I wonder if these test flights ever took place. I have a strong suspicion that they didn't, but will be happy to be proved wrong.

The future of the island has been predicated on self funding though the expansion of tourism, which it has been hoped would build up to around 10,000 a year by 2020. This is now looking like a very sick joke, with no alternative plan in sight.

Were it not for other more pressing matters engulfing the UK's political class at the moment I think this would have been treated as a major political scandal. Not only has it been a waste of taxpayer's money, but more importantly it is a very real tragedy for the residents of St. Helena, and particularly for those who have invested in tourist related projects.

Thursday, 2 June 2016

St Helena Airport: A Serious embarrassment for the Government?

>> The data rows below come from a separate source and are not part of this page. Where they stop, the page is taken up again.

(* Let $G$ be a connected graph with $\delta(G)=1$ and girth at least $15$. If $G\in\mathcal U$ and $s$ is a single star support vertex of $G$, then $s$ has at most one neighbor that is not a leaf.
   Context: All graphs are finite and simple. A set $P\subseteq V(G)$ is an open packing if no two distinct vertices of $P$ have a common neighbor; it is maximal if maximal under inclusion among open packings. $\rho^o(G)$ is the maximum size of an open packing and $\rho^o_L(G)$ the minimum size of a maximal open packing; $\mathcal U$ is the class of graphs with $\rho^o_L(G)=\rho^o(G)$. A leaf is a vertex of degree $1$; a support vertex is a vertex adjacent to at least one leaf; $S_G$ is the set of support vertices. A single star support vertex is a support vertex that is an isolated vertex of the induced subgraph $G[S_G]$ (i.e., not adjacent to any other support vertex); a double star support vertex is a support vertex adjacent to another support vertex. The girth is the length of a shortest cycle ($\infty$ if acyclic). *)

theory Defs
  imports Main
begin

definition graph :: "'a set \<Rightarrow> ('a \<Rightarrow> 'a \<Rightarrow> bool) \<Rightarrow> bool" where
  "graph V E \<longleftrightarrow> finite V \<and> (\<forall>u v. E u v \<longrightarrow> u \<in> V \<and> v \<in> V)
     \<and> (\<forall>u v. E u v \<longrightarrow> E v u) \<and> (\<forall>v. \<not> E v v)"

definition nbhd :: "'a set \<Rightarrow> ('a \<Rightarrow> 'a \<Rightarrow> bool) \<Rightarrow> 'a \<Rightarrow> 'a set" where
  "nbhd V E v = {u \<in> V. E v u}"

definition degree :: "'a set \<Rightarrow> ('a \<Rightarrow> 'a \<Rightarrow> bool) \<Rightarrow> 'a \<Rightarrow> nat" where
  "degree V E v = card (nbhd V E v)"

definition min_degree :: "'a set \<Rightarrow> ('a \<Rightarrow> 'a \<Rightarrow> bool) \<Rightarrow> nat" where
  "min_degree V E = Min (degree V E ` V)"

definition connected :: "'a set \<Rightarrow> ('a \<Rightarrow> 'a \<Rightarrow> bool) \<Rightarrow> bool" where
  "connected V E \<longleftrightarrow> V \<noteq> {} \<and>
     (\<forall>u\<in>V. \<forall>v\<in>V. (\<lambda>x y. x \<in> V \<and> y \<in> V \<and> E x y)\<^sup>*\<^sup>* u v)"

definition leaf :: "'a set \<Rightarrow> ('a \<Rightarrow> 'a \<Rightarrow> bool) \<Rightarrow> 'a \<Rightarrow> bool" where
  "leaf V E v \<longleftrightarrow> v \<in> V \<and> degree V E v = 1"

definition support_vertex :: "'a set \<Rightarrow> ('a \<Rightarrow> 'a \<Rightarrow> bool) \<Rightarrow> 'a \<Rightarrow> bool" where
  "support_vertex V E s \<longleftrightarrow> s \<in> V \<and> (\<exists>l\<in>V. E s l \<and> leaf V E l)"

definition single_star_support :: "'a set \<Rightarrow> ('a \<Rightarrow> 'a \<Rightarrow> bool) \<Rightarrow> 'a \<Rightarrow> bool" where
  "single_star_support V E s \<longleftrightarrow> support_vertex V E s \<and>
     (\<forall>t\<in>V. E s t \<longrightarrow> \<not> support_vertex V E t)"

definition is_cycle :: "'a set \<Rightarrow> ('a \<Rightarrow> 'a \<Rightarrow> bool) \<Rightarrow> 'a list \<Rightarrow> bool" where
  "is_cycle V E cs \<longleftrightarrow> length cs \<ge> 3 \<and> distinct cs \<and> set cs \<subseteq> V \<and>
     (\<forall>i < length cs - 1. E (cs ! i) (cs ! Suc i)) \<and> E (last cs) (hd cs)"

text \<open>girth at least g (vacuous for acyclic graphs, whose girth is infinite).\<close>
definition girth_at_least :: "'a set \<Rightarrow> ('a \<Rightarrow> 'a \<Rightarrow> bool) \<Rightarrow> nat \<Rightarrow> bool" where
  "girth_at_least V E g \<longleftrightarrow> (\<forall>cs. is_cycle V E cs \<longrightarrow> length cs \<ge> g)"

definition open_packing :: "'a set \<Rightarrow> ('a \<Rightarrow> 'a \<Rightarrow> bool) \<Rightarrow> 'a set \<Rightarrow> bool" where
  "open_packing V E P \<longleftrightarrow> P \<subseteq> V \<and>
     (\<forall>u\<in>P. \<forall>v\<in>P. u \<noteq> v \<longrightarrow> \<not> (\<exists>w\<in>V. E u w \<and> E v w))"

definition maximal_open_packing :: "'a set \<Rightarrow> ('a \<Rightarrow> 'a \<Rightarrow> bool) \<Rightarrow> 'a set \<Rightarrow> bool" where
  "maximal_open_packing V E P \<longleftrightarrow> open_packing V E P \<and>
     (\<forall>Q. open_packing V E Q \<and> P \<subseteq> Q \<longrightarrow> Q = P)"

definition open_packing_number :: "'a set \<Rightarrow> ('a \<Rightarrow> 'a \<Rightarrow> bool) \<Rightarrow> nat" where
  "open_packing_number V E = Max (card ` {P. open_packing V E P})"

definition lower_open_packing_number :: "'a set \<Rightarrow> ('a \<Rightarrow> 'a \<Rightarrow> bool) \<Rightarrow> nat" where
  "lower_open_packing_number V E = Min (card ` {P. maximal_open_packing V E P})"

definition class_U :: "'a set \<Rightarrow> ('a \<Rightarrow> 'a \<Rightarrow> bool) \<Rightarrow> bool" where
  "class_U V E \<longleftrightarrow> lower_open_packing_number V E = open_packing_number V E"

end

theory Submission
  imports Defs
begin

text \<open>If the single star support vertex \<open>s\<close> had two non-leaf neighbours \<open>x\<close> and \<open>y\<close>, one finds an
  exchange contradicting \<open>\<rho>\<^sup>o\<^sub>L = \<rho>\<^sup>o\<close>: an open packing \<open>S \<union> B\<close> and a larger set \<open>A\<close> such that
  \<open>B\<close> can be replaced by \<open>A\<close> in every maximal open packing containing \<open>S \<union> B\<close>.
  Because the girth is at least 15, two non-backtracking walks with the same ends and at most
  16 vertices in total coincide; this keeps the ends of short walks from \<open>s\<close> apart.
  The exchanges are: \<open>{w}\<close> for \<open>{l, u}\<close>, where \<open>l\<close> is a leaf at \<open>s\<close> and \<open>u\<close> a leaf ending a
  walk \<open>s w w' u\<close>; \<open>{x'}\<close> for \<open>{v, s}\<close>, when a walk \<open>s x x' z v\<close> ends in a vertex \<open>v\<close> whose
  neighbours other than \<open>z\<close> are all leaves, with \<open>S\<close> a vertex two steps beyond each walk
  \<open>s w w'\<close>, \<open>w \<noteq> x\<close>; otherwise \<open>{s}\<close> for \<open>{x', y'}\<close>, with \<open>S\<close> a vertex two steps beyond each
  walk \<open>s b b' z v\<close>, \<open>b \<in> {x, y}\<close>.\<close>

section \<open>Non-backtracking walks\<close>

fun nb_walk :: "'a set \<Rightarrow> ('a \<Rightarrow> 'a \<Rightarrow> bool) \<Rightarrow> 'a list \<Rightarrow> bool" where
  "nb_walk V E [] \<longleftrightarrow> False"
| "nb_walk V E [a] \<longleftrightarrow> a \<in> V"
| "nb_walk V E (a # b # r) \<longleftrightarrow> a \<in> V \<and> E a b \<and> nb_walk V E (b # r) \<and> (r \<noteq> [] \<longrightarrow> a \<noteq> hd r)"

lemma nb_walk_nonempty: "nb_walk V E P \<Longrightarrow> P \<noteq> []"
  by auto

lemma nb_walk_Cons_in_V: "nb_walk V E (a # r) \<Longrightarrow> a \<in> V"
  by (cases r) auto

lemma nb_walk_set: "nb_walk V E P \<Longrightarrow> set P \<subseteq> V"
  by (induction V E P rule: nb_walk.induct) auto

lemma nb_walk_nth_edge: "nb_walk V E P \<Longrightarrow> Suc i < length P \<Longrightarrow> E (P ! i) (P ! Suc i)"
proof (induction V E P arbitrary: i rule: nb_walk.induct)
  case (3 V E a b r)
  then show ?case by (cases i) auto
qed auto

lemma nb_walk_nth_no_backtrack:
  "nb_walk V E P \<Longrightarrow> Suc (Suc i) < length P \<Longrightarrow> P ! i \<noteq> P ! Suc (Suc i)"
proof (induction V E P arbitrary: i rule: nb_walk.induct)
  case (3 V E a b r)
  then show ?case by (cases i) (auto simp: hd_conv_nth)
qed auto

lemma nb_walk_append:
  "nb_walk V E (xs @ y # ys) \<longleftrightarrow>
     nb_walk V E (xs @ [y]) \<and> nb_walk V E (y # ys) \<and> (xs \<noteq> [] \<longrightarrow> ys \<noteq> [] \<longrightarrow> last xs \<noteq> hd ys)"
proof (induction xs rule: induct_list012)
  case 1
  then show ?case using nb_walk_Cons_in_V by fastforce
next
  case (2 a)
  show ?case using nb_walk_Cons_in_V[of V E y ys] by (cases ys) simp_all
next
  case (3 a b zs)
  have "hd (zs @ y # ys) = hd (zs @ [y])" by (cases zs) simp_all
  then show ?case using "3.IH"(2) by (simp; blast)
qed

lemma nb_walk_tl: "nb_walk V E (a # r) \<Longrightarrow> r \<noteq> [] \<Longrightarrow> nb_walk V E r"
  by (cases r) auto

lemma nb_walk_appendD1: "nb_walk V E (xs @ ys) \<Longrightarrow> xs \<noteq> [] \<Longrightarrow> nb_walk V E xs"
proof (induction xs rule: induct_list012)
  case (2 a)
  then show ?case using nb_walk_Cons_in_V by fastforce
next
  case (3 a b zs)
  then show ?case by (cases zs) auto
qed simp

lemma nb_walk_appendD2: "nb_walk V E (xs @ ys) \<Longrightarrow> ys \<noteq> [] \<Longrightarrow> nb_walk V E ys"
  by (induction xs) (auto dest: nb_walk_tl)

lemma nb_walk_last_edge:
  assumes walk: "nb_walk V E P" and "butlast P \<noteq> []"
  shows "E (last (butlast P)) (last P)"
proof -
  obtain B x where B: "butlast P = B @ [x]" using assms(2) by (metis append_butlast_last_id)
  have "B @ [x, last P] = P"
    using nb_walk_nonempty[OF walk] by (metis B append_butlast_last_id append_Cons append_assoc append_Nil)
  then have "nb_walk V E [x, last P]" using nb_walk_appendD2[of V E B "[x, last P]"] walk by simp
  then show ?thesis using B by simp
qed

section \<open>Open packings\<close>

definition conflict :: "'a set \<Rightarrow> ('a \<Rightarrow> 'a \<Rightarrow> bool) \<Rightarrow> 'a \<Rightarrow> 'a \<Rightarrow> bool" where
  "conflict V E u v \<longleftrightarrow> u \<noteq> v \<and> (\<exists>w\<in>V. E u w \<and> E v w)"

lemma conflict_sym: "conflict V E u v \<longleftrightarrow> conflict V E v u"
  by (auto simp: conflict_def)

lemma open_packing_iff_no_conflict:
  "open_packing V E P \<longleftrightarrow> P \<subseteq> V \<and> (\<forall>u\<in>P. \<forall>v\<in>P. \<not> conflict V E u v)"
  by (auto simp: open_packing_def conflict_def)

lemma open_packing_empty: "open_packing V E {}"
  by (simp add: open_packing_def)

lemma open_packing_insert:
  "open_packing V E (insert v P) \<longleftrightarrow> open_packing V E P \<and> v \<in> V \<and> (\<forall>u\<in>P. \<not> conflict V E v u)"
  unfolding open_packing_def conflict_def by fast

lemma open_packing_subset_V: "open_packing V E P \<Longrightarrow> P \<subseteq> V"
  by (simp add: open_packing_def)
definition compat_CC :: "'a::metric_space set \<Rightarrow> ('a \<Rightarrow> real) \<Rightarrow> ('a \<Rightarrow> real) \<Rightarrow> bool" where
  "compat_CC \<Omega> l g \<longleftrightarrow>
     (\<forall>x\<in>frontier \<Omega>. \<forall>y\<in>frontier \<Omega>.
        ereal (g x - g y) \<le>
          Inf {ereal (integral {0..T} (\<lambda>t. l (\<eta> t))) | (T::real) (\<eta>::real \<Rightarrow> 'a).
                 T \<ge> 0 \<and> 1-lipschitz_on {0..T} \<eta> \<and> \<eta> ` {0..T} \<subseteq> closure \<Omega> \<and>
                 \<eta> 0 = y \<and> \<eta> T = x \<and> \<eta> ` {0<..<T} \<subseteq> \<Omega>})"

end

theory Submission
  imports Defs
begin

text \<open>Close to every point, \<open>P\<^sub>\<infinity>\<close> contains spikes: segments isometric to
  \<open>([0,r], theta_r r)\<close> attached at some level of the construction, and their tips are dense.
  Along a spike, Ekeland's principle applied to the closure of everything beyond a point shows
  that \<open>u\<close> increases at a rate \<open>lam\<close>, for any \<open>lam < inf l\<close>, per unit of \<open>theta_r\<close>-length.
  Since \<open>theta_r\<close> comes from the zig-zag curve \<open>gamma\<close>, whose distance to its endpoint is only
  half the remaining arc length, the slope of \<open>u\<close> at the tip is at least \<open>2 lam\<close>. A tip where
  \<open>l < 2 inf l\<close> gives the contradiction.\<close>

section \<open>Ekeland's principle and local slopes\<close>

definition ekeland_set :: "'a::metric_space set \<Rightarrow> ('a \<Rightarrow> real) \<Rightarrow> real \<Rightarrow> 'a \<Rightarrow> 'a set" where
  "ekeland_set F \<phi> L x = {y\<in>F. \<phi> y + L * dist x y \<le> \<phi> x}"

lemma ekeland_set_refl: "x \<in> F \<Longrightarrow> x \<in> ekeland_set F \<phi> L x"
  by (simp add: ekeland_set_def)

lemma ekeland_set_trans:
  assumes "L \<ge> 0" "y \<in> ekeland_set F \<phi> L x" "z \<in> ekeland_set F \<phi> L y"
  shows "z \<in> ekeland_set F \<phi> L x"
proof -
  have "L * dist x z \<le> L * (dist x y + dist y z)"
    using assms(1) dist_triangle[of x z y] by (rule mult_left_mono[rotated])
  hence "L * dist x z \<le> L * dist x y + L * dist y z" by (simp add: distrib_left)
  thus ?thesis using assms(2,3) by (auto simp: ekeland_set_def)
qed

lemma closed_ekeland_set:
  assumes "closed F" "continuous_on F \<phi>"
  shows "closed (ekeland_set F \<phi> L x)"
proof -
  have "continuous_on F (\<lambda>y. \<phi> y + L * dist x y - \<phi> x)"
    by (intro continuous_intros assms(2))
  hence "closed (F \<inter> (\<lambda>y. \<phi> y + L * dist x y - \<phi> x) -` {..0})"
    by (intro continuous_closed_preimage assms(1)) auto
  moreover have "F \<inter> (\<lambda>y. \<phi> y + L * dist x y - \<phi> x) -` {..0} = ekeland_set F \<phi> L x"
    by (auto simp: ekeland_set_def)
  ultimately show ?thesis by simp
qed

Lord Ashcroft has apparently had to abandon his plans to fly to St Helena in his private jet because his pilot thinks it would be too risky to do so. He has written an extensive article for Conservative Home which makes for far from happy reading. In it he reveals that he has had access to the reports of the pilots who have so far landed on the island, and clearly they make him wonder whether the airport will ever be serviceable.

Although aviation experts are working hard to try to find a solution to the windshear problems, there is a real danger that the airport could become a hugely expensive “white elephant” and a terrible embarrassment to the British Government.

If his fears are correct, this will be absolutely devastating for the island, and even if it is not and an eventual solution is found, it will in the meantime cause very serious hardship for many on the island, particularly those who invested heavily in the expectation of a massive increase in tourism.